[Your task]:
Reproduce word for word every line of the entries below, from the line containing "S \<Longrightarrow> y" through the final line, and nothing else.

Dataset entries
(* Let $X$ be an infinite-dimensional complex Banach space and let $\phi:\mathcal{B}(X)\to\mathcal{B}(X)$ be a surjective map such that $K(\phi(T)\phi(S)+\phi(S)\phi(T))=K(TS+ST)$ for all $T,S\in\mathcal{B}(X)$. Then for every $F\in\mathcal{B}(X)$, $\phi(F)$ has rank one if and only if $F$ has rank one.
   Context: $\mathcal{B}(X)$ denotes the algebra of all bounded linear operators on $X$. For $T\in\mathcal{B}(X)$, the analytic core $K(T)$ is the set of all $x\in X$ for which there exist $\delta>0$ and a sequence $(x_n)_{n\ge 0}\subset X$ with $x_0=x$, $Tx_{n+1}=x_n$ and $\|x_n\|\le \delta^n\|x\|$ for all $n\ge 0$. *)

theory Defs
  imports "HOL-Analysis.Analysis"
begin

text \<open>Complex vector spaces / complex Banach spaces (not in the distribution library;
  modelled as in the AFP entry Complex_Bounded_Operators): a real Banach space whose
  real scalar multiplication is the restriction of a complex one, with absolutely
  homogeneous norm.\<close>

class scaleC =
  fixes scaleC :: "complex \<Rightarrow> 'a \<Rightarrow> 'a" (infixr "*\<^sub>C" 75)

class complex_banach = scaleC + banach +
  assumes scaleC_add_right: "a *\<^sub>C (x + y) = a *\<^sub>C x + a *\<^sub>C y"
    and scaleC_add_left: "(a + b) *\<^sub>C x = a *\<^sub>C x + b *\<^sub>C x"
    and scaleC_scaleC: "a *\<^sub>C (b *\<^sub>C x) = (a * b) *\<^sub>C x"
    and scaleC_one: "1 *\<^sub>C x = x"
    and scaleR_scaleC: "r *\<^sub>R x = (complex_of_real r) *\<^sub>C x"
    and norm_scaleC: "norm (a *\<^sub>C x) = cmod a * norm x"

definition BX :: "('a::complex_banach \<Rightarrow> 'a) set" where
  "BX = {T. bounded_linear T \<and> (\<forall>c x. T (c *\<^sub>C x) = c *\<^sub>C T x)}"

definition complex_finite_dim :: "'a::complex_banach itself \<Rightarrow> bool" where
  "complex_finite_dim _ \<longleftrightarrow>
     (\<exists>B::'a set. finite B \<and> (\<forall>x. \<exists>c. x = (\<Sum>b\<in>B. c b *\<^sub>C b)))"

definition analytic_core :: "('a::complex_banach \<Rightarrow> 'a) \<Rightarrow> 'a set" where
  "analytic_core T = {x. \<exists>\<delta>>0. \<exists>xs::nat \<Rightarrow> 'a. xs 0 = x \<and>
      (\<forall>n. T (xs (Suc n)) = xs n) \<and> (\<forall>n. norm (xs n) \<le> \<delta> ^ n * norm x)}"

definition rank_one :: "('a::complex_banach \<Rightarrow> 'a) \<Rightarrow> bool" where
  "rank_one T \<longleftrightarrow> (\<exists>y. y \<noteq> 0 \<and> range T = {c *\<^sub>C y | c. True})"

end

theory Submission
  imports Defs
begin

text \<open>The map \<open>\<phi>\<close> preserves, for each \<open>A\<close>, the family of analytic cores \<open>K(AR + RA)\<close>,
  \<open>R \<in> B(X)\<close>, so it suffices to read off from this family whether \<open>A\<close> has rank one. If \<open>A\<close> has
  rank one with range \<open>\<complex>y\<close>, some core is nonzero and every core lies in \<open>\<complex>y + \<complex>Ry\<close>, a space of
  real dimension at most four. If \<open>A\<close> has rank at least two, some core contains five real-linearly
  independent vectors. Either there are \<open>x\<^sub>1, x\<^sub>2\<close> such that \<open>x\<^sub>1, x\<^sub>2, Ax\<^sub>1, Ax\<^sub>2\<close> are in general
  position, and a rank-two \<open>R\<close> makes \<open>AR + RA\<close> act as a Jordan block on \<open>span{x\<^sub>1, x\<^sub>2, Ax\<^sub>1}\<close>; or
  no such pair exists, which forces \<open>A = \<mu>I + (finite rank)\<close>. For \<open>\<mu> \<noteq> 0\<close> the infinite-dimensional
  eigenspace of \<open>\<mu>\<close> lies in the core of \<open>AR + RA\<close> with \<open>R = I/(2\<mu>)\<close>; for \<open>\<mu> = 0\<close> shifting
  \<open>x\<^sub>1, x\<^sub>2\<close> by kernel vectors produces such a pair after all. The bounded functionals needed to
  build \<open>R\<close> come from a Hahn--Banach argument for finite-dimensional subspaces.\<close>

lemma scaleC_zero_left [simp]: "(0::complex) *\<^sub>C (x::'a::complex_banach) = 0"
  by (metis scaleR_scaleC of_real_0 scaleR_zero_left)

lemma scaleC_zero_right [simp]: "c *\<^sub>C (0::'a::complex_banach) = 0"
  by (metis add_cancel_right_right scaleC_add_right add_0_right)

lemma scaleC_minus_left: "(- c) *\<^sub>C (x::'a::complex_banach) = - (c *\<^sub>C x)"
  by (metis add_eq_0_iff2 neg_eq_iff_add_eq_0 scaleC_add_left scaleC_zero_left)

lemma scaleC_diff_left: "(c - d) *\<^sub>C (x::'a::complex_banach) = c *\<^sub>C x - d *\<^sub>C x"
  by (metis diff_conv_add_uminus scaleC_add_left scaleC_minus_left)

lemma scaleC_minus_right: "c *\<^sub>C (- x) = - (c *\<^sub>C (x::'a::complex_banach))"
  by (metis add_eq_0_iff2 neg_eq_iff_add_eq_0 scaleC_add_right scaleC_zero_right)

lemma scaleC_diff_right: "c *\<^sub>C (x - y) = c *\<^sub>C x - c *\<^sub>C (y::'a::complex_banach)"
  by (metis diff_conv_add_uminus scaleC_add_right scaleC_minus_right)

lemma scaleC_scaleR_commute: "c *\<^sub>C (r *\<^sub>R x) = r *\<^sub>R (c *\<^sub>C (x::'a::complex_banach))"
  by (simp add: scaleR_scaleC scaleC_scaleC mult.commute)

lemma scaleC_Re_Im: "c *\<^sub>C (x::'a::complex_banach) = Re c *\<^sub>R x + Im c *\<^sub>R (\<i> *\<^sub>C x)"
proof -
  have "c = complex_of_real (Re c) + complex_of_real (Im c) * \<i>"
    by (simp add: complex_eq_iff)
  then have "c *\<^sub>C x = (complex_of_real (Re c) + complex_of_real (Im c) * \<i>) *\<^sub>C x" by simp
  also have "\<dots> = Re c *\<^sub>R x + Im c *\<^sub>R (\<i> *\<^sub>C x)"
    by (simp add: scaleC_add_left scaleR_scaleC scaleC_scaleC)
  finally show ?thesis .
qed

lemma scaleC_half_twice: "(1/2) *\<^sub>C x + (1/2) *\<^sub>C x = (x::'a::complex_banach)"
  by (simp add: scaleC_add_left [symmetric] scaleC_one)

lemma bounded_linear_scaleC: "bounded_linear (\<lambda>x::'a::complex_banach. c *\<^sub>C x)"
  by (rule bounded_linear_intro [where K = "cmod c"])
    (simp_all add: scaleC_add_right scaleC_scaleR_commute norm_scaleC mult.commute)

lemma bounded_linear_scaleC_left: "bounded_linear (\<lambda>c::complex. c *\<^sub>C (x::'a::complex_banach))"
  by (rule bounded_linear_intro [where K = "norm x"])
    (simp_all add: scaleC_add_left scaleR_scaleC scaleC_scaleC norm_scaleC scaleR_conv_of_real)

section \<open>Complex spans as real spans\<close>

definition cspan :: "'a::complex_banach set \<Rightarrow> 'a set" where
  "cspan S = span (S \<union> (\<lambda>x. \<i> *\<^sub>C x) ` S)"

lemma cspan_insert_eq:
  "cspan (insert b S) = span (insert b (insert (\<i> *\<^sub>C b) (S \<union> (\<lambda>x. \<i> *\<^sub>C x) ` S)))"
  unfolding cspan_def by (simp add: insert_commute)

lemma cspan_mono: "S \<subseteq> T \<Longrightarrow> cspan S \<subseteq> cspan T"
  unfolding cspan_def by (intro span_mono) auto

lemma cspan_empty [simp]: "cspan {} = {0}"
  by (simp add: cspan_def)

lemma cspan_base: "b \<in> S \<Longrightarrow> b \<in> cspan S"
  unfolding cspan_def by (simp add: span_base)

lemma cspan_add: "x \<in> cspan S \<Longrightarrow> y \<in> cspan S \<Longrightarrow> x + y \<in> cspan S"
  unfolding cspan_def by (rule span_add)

[Response to this task]:
lemma cspan_add: "x \<in> cspan S \<Longrightarrow> y \<in> cspan S \<Longrightarrow> x + y \<in> cspan S"
  unfolding cspan_def by (rule span_add)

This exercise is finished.